Required action - Please repeat the records exactly from their first line, finishing at the line containing "r_def by simp" and including it.
• • • • • • •
lemma cos_quant_pos:
  assumes "b \<ge> 2"
  shows "cos (pi / 2 ^ b) > 0"
proof (rule cos_gt_zero_pi)
  have "pi / 2 ^ b \<le> pi / 4"
    using assms power_increasing[of 2 b "2::real"] by (intro divide_left_mono) auto
  then show "pi / 2 ^ b < pi / 2" using pi_gt_zero by linarith
  show "- (pi / 2) < pi / 2 ^ b" using pi_gt_zero by (smt (verit) divide_pos_pos zero_less_power)
qed

lemma L_low_le_Y_disc:
  assumes beta: "\<beta> \<ge> 0"
  shows "L_low K b \<beta> G g n \<omega> \<le> Y_disc K b \<beta> th G g n \<omega>"
proof -
  define r where "r k = cmod (G k n \<omega>) * cmod (g k n \<omega>)" for k
  define e where "e k = phase_err b th G g k n \<omega>" for k
  have r0: "r k \<ge> 0" for k unfolding r_def by simp
  have "cos (pi / 2 ^ b) * (\<Sum>k=1..K. r k) = (\<Sum>k=1..K. r k * cos (pi / 2 ^ b))"
    by (simp add: sum_distrib_right mult.commute)
  also have "\<dots> \<le> (\<Sum>k=1..K. r k * cos (e k))"
    unfolding e_def using cos_quant_le_cos_phase_err r0 by (intro sum_mono mult_left_mono) auto
  also have "\<dots> = Re (\<Sum>k=1..K. complex_of_real (r k) * cis (e k))"
    by (simp add: Re_sum)
  also have "\<dots> \<le> cmod (\<Sum>k=1..K. complex_of_real (r k) * cis (e k))"
    by (rule complex_Re_le_cmod)
  finally have "cos (pi / 2 ^ b) * (\<Sum>k=1..K. r k) \<le> cmod (\<Sum>k=1..K. complex_of_real (r k) * cis (e k))" .
  then have "\<beta> * (cos (pi / 2 ^ b) * (\<Sum>k=1..K. r k)) \<le> \<beta> * cmod (\<Sum>k=1..K. complex_of_real (r k) * cis (e k))"
    using beta by (intro mult_left_mono) auto
  then show ?thesis unfolding L_low_def Y_disc_def r_def e_def by (simp add: mult_ac)
qed

section \<open>The cascaded Nakagami channel\<close>

context prob_space
begin

lemma indep_var_compose_components:
  fixes X :: "'i \<Rightarrow> 'a \<Rightarrow> complex"
  assumes ind: "indep_vars (\<lambda>_. borel) X I" and i: "i1 \<in> I" "i2 \<in> I" "i1 \<noteq> i2"
    and h: "h1 \<in> borel_measurable borel" "h2 \<in> borel_measurable borel"
  shows "indep_var borel (\<lambda>\<omega>. h1 (X i1 \<omega>)) borel (\<lambda>\<omega>. h2 (X i2 \<omega>))"
proof -
  have r: "indep_var (PiM {i1} (\<lambda>_. borel)) (\<lambda>\<omega>. restrict (\<lambda>i. X i \<omega>) {i1}) (PiM {i2} (\<lambda>_. borel)) (\<lambda>\<omega>. restrict (\<lambda>i. X i \<omega>) {i2})"
    using i by (intro indep_var_restrict[OF ind]) auto
  have m1: "(\<lambda>f. h1 (f i1)) \<in> measurable (PiM {i1} (\<lambda>_. borel)) borel"
    using measurable_compose[OF measurable_component_singleton[of i1 "{i1}" "\<lambda>_. borel"] h(1)] by simp
  have m2: "(\<lambda>f. h2 (f i2)) \<in> measurable (PiM {i2} (\<lambda>_. borel)) borel"
    using measurable_compose[OF measurable_component_singleton[of i2 "{i2}" "\<lambda>_. borel"] h(2)] by simp
  from indep_var_compose[OF r m1 m2] show ?thesis by (simp add: comp_def)
qed

lemma indep_vars_compose_blocks:
  fixes X :: "'i \<Rightarrow> 'a \<Rightarrow> complex" and f :: "'l \<Rightarrow> 'a \<Rightarrow> real"
  assumes ind: "indep_vars (\<lambda>_. borel) X I" and sub: "\<And>l. l \<in> L \<Longrightarrow> Kf l \<subseteq> I"
    and dis: "disjoint_family_on Kf L"
    and \<Phi>: "\<And>l. l \<in> L \<Longrightarrow> \<Phi> l \<in> borel_measurable (PiM (Kf l) (\<lambda>_. borel))"
    and f: "\<And>l \<omega>. l \<in> L \<Longrightarrow> f l \<omega> = \<Phi> l (restrict (\<lambda>i. X i \<omega>) (Kf l))"
  shows "indep_vars (\<lambda>_. borel) f L"
proof -
  have "indep_vars (\<lambda>l. PiM (Kf l) (\<lambda>_. borel)) (\<lambda>l \<omega>. restrict (\<lambda>i. X i \<omega>) (Kf l)) L"
    by (rule indep_vars_restrict[OF ind sub dis])
  from indep_vars_compose2[OF this \<Phi>]
  have "indep_vars (\<lambda>_. borel) (\<lambda>l \<omega>. \<Phi> l (restrict (\<lambda>i. X i \<omega>) (Kf l))) L" .
  then show ?thesis by (subst indep_vars_cong[OF refl _ refl]) (auto simp: f fun_eq_iff)
qed


end

lemma measurable_component_PiM_borel:
  "i \<in> J \<Longrightarrow> (\<lambda>h. h i) \<in> measurable (PiM J (\<lambda>_. borel)) (borel :: complex measure)"
  using measurable_component_singleton[of i J "\<lambda>_. borel"] by simp

locale nakagami_cascade = prob_space M for M :: "'a measure" +
  fixes N K :: nat and mG mg :: real and G g :: "nat \<Rightarrow> nat \<Rightarrow> 'a \<Rightarrow> complex"
  assumes K: "K \<ge> 1"
    and indep: "indep_vars (\<lambda>_. borel) (\<lambda>(c, k, j). if c then G k j else g k j) (UNIV \<times> {1..K} \<times> {1..N})"
    and nakagami_G: "\<And>k j. k \<in> {1..K} \<Longrightarrow> j \<in> {1..N} \<Longrightarrow>
      distributed M lborel (\<lambda>\<omega>. cmod (G k j \<omega>)) (\<lambda>x. ennreal (nakagami_pdf mG x))"
    and nakagami_g: "\<And>k j. k \<in> {1..K} \<Longrightarrow> j \<in> {1..N} \<Longrightarrow>
      distributed M lborel (\<lambda>\<omega>. cmod (g k j \<omega>)) (\<lambda>x. ennreal (nakagami_pdf mg x))"
    and m: "1/2 \<le> mG" "1/2 \<le> mg" "mG \<noteq> mg"
begin

abbreviation ms where "ms \<equiv> min mG mg"
abbreviation ml where "ml \<equiv> max mG mg"

definition gain :: "nat \<Rightarrow> 'a \<Rightarrow> real" where
  "gain j \<omega> = (\<Sum>k\<in>{1..K}. cmod (G k j \<omega>) * cmod (g k j \<omega>))"

lemma measurable_channels:
  assumes "k \<in> {1..K}" "j \<in> {1..N}"
  shows "G k j \<in> borel_measurable M" "g k j \<in> borel_measurable M"
proof -
  have "random_variable borel (if c then G k j else g k j)" for c
    using indep assms unfolding indep_vars_def by auto
  from this[of True] this[of False] show "G k j \<in> borel_measurable M" "g k j \<in> borel_measurable M"
    by simp_all
qed

lemma measurable_gain:
  assumes j: "j \<in> {1..N}"
  shows "gain j \<in> borel_measurable M"
  unfolding gain_def
proof (intro borel_measurable_sum)
  fix k assume "k \<in> {1..K}"
  note [measurable] = measurable_channels[OF this j]
  show "(\<lambda>\<omega>. cmod (G k j \<omega>) * cmod (g k j \<omega>)) \<in> borel_measurable M" by measurable
qed

lemma indep_var_factors:
  assumes "k \<in> {1..K}" "j \<in> {1..N}"
  shows "indep_var borel (\<lambda>\<omega>. cmod (G k j \<omega>)) borel (\<lambda>\<omega>. cmod (g k j \<omega>))"
    and "indep_var borel (\<lambda>\<omega>. cmod (g k j \<omega>)) borel (\<lambda>\<omega>. cmod (G k j \<omega>))"
  using indep_var_compose_components[OF indep, of "(True, k, j)" "(False, k, j)" cmod cmod]
    indep_var_compose_components[OF indep, of "(False, k, j)" "(True, k, j)" cmod cmod] assms
  by auto

lemma cdf_sandwich_factor_product:
  assumes "k \<in> {1..K}" "j \<in> {1..N}"
  shows "cdf_sandwich M (\<lambda>\<omega>. cmod (G k j \<omega>) * cmod (g k j \<omega>))
      (phi_const ms ml / Gamma (2 * ms + 1)) (2 * ms) (min 2 (ml - ms))"
proof (cases "mG < mg")
  case True
  then show ?thesis
    using cdf_sandwich_nakagami_product[OF nakagami_G[OF assms] nakagami_g[OF assms] indep_var_factors(1)[OF assms]] m
    by simp
next
  case False
  with m have "mg < mG" by simp
  then show ?thesis
    using cdf_sandwich_nakagami_product[OF nakagami_g[OF assms] nakagami_G[OF assms] indep_var_factors(2)[OF assms]] m
    by (simp add: mult.commute)
qed

lemma indep_vars_factor_products:
  assumes j: "j \<in> {1..N}"
  shows "indep_vars (\<lambda>_. borel) (\<lambda>k \<omega>. cmod (G k j \<omega>) * cmod (g k j \<omega>)) {1..K}"
proof (rule indep_vars_compose_blocks[OF indep, where Kf="\<lambda>k. {(True,k,j),(False,k,j)}"
      and \<Phi>="\<lambda>k h. cmod (h (True,k,j)) * cmod (h (False,k,j))"])
  show "disjoint_family_on (\<lambda>k. {(True,k,j),(False,k,j)}) {1..K}"
    unfolding disjoint_family_on_def by auto
  fix k assume "k \<in> {1..K}"
  note [measurable] = measurable_component_PiM_borel[of "(True,k,j)" "{(True,k,j),(False,k,j)}"]
    measurable_component_PiM_borel[of "(False,k,j)" "{(True,k,j),(False,k,j)}"]
  show "(\<lambda>h. cmod (h (True,k,j)) * cmod (h (False,k,j))) \<in> borel_measurable (PiM {(True,k,j),(False,k,j)} (\<lambda>_. borel))"
    by measurable
qed (use j in auto)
• • • • • • •
Result of this exercise -
lemma cos_quant_pos:
  assumes "b \<ge> 2"
  shows "cos (pi / 2 ^ b) > 0"
proof (rule cos_gt_zero_pi)
  have "pi / 2 ^ b \<le> pi / 4"
    using assms power_increasing[of 2 b "2::real"] by (intro divide_left_mono) auto
  then show "pi / 2 ^ b < pi / 2" using pi_gt_zero by linarith
  show "- (pi / 2) < pi / 2 ^ b" using pi_gt_zero by (smt (verit) divide_pos_pos zero_less_power)
qed

lemma L_low_le_Y_disc:
  assumes beta: "\<beta> \<ge> 0"
  shows "L_low K b \<beta> G g n \<omega> \<le> Y_disc K b \<beta> th G g n \<omega>"
proof -
  define r where "r k = cmod (G k n \<omega>) * cmod (g k n \<omega>)" for k
  define e where "e k = phase_err b th G g k n \<omega>" for k
  have r0: "r k \<ge> 0" for k unfolding r_def by simp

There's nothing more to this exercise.